> **Exercise instructions**
Give every line from the entries that contains "length".

> **Data for this exercise**
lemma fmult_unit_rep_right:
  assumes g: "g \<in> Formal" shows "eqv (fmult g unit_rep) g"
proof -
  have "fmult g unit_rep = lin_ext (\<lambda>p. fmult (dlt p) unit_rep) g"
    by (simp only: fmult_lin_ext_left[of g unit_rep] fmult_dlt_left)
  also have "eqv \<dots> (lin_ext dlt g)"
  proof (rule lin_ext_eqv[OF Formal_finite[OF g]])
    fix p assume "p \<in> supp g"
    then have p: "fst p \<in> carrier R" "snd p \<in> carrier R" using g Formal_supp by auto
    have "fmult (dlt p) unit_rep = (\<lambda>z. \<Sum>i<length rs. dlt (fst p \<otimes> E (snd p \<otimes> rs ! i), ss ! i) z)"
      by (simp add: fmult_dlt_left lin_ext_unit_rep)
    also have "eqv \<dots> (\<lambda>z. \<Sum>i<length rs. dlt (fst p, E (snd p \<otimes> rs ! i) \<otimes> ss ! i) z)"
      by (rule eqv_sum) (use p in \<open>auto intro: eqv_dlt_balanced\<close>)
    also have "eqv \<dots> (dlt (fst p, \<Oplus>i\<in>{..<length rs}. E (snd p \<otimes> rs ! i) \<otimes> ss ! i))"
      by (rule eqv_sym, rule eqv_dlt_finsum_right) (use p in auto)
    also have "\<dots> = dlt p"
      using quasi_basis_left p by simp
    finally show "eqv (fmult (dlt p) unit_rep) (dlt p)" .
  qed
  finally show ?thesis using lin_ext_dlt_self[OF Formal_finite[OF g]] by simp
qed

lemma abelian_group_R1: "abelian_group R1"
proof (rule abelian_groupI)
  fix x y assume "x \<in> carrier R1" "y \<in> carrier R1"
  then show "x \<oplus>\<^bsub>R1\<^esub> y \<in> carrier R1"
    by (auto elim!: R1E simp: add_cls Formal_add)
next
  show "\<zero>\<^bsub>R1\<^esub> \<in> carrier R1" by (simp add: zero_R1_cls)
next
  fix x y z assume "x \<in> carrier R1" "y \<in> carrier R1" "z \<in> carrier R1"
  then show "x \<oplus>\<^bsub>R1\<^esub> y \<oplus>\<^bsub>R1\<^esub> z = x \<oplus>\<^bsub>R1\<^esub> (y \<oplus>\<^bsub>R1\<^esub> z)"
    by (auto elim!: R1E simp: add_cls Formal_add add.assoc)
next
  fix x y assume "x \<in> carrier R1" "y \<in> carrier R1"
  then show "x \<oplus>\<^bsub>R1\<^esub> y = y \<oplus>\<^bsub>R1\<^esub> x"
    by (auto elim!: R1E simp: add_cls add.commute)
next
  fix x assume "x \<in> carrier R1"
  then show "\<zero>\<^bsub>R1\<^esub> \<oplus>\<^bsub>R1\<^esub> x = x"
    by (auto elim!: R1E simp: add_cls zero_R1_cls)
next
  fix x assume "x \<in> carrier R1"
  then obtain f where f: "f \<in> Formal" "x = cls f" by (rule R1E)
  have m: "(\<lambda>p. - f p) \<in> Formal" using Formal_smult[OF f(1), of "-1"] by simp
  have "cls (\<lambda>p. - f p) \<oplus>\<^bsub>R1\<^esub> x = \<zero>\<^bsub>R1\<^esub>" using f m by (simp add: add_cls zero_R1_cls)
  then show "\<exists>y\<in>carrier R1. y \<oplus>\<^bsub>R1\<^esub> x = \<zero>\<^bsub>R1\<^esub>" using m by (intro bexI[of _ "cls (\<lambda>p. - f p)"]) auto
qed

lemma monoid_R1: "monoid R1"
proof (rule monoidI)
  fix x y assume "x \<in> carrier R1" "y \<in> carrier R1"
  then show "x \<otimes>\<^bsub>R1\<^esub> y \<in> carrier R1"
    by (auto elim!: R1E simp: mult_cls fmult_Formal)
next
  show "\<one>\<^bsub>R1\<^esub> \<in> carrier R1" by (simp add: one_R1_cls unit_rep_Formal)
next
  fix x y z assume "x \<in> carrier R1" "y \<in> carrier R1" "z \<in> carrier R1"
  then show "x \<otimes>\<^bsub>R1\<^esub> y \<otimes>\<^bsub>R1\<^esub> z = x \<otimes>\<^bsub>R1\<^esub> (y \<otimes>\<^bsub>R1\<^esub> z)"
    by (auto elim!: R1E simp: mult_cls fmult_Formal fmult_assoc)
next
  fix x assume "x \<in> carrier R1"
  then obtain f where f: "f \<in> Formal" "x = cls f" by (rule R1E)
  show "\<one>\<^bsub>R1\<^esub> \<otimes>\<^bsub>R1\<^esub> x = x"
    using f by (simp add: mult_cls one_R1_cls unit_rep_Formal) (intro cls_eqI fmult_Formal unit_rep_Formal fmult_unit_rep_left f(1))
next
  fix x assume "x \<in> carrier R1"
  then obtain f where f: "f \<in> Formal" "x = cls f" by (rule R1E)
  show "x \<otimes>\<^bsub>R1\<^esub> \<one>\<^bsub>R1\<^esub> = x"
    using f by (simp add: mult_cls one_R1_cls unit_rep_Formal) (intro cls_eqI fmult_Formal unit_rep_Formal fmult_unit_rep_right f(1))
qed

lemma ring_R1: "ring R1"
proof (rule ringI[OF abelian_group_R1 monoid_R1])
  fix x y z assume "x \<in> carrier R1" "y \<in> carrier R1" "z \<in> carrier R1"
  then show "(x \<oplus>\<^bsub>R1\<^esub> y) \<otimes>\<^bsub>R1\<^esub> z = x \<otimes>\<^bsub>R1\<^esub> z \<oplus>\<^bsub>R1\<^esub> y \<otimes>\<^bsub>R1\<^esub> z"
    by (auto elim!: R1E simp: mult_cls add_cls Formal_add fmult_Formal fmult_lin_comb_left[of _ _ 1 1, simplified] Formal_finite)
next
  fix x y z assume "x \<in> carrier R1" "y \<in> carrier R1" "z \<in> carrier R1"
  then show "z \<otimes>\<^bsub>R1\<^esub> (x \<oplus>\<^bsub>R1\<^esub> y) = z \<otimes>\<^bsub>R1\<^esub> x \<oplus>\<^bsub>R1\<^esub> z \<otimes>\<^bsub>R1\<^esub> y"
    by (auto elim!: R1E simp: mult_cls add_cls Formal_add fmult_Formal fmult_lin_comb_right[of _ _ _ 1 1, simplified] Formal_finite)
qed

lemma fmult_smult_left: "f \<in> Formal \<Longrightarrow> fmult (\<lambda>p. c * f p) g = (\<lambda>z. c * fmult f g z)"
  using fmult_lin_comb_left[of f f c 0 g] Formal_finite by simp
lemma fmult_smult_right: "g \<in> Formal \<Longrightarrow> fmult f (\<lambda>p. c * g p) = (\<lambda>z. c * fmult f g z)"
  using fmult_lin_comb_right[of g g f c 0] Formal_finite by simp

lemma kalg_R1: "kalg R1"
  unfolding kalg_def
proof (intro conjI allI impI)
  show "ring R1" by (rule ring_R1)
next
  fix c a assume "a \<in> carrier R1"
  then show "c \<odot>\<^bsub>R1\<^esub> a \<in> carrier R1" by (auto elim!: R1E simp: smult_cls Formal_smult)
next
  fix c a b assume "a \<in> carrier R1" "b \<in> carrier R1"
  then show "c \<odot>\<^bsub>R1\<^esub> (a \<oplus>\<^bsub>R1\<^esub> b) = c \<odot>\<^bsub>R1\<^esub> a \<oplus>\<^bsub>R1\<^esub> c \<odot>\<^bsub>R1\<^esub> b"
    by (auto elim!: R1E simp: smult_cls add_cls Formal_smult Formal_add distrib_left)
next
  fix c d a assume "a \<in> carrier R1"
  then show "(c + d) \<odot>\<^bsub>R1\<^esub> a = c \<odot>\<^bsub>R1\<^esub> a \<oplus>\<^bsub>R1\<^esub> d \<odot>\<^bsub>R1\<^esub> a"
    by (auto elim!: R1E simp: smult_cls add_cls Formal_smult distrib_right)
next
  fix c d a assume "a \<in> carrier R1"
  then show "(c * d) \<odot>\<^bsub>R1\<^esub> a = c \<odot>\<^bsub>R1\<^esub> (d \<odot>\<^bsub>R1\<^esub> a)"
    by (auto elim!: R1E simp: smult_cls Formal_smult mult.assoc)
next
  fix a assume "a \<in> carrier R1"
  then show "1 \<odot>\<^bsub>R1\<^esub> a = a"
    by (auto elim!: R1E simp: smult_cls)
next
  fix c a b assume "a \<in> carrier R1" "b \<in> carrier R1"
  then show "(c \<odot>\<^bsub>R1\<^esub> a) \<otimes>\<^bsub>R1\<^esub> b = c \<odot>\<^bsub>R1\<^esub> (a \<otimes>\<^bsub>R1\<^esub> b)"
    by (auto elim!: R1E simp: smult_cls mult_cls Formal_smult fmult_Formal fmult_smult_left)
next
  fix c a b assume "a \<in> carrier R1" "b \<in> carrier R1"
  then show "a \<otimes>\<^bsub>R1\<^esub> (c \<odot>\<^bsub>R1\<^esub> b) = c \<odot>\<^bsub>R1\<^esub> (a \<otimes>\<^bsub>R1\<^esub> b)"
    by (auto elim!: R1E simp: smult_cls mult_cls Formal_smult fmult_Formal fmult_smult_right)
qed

> **Result**
    have "fmult (dlt p) unit_rep = (\<lambda>z. \<Sum>i<length rs. dlt (fst p \<otimes> E (snd p \<otimes> rs ! i), ss ! i) z)"
    also have "eqv \<dots> (\<lambda>z. \<Sum>i<length rs. dlt (fst p, E (snd p \<otimes> rs ! i) \<otimes> ss ! i) z)"
    also have "eqv \<dots> (dlt (fst p, \<Oplus>i\<in>{..<length rs}. E (snd p \<otimes> rs ! i) \<otimes> ss ! i))"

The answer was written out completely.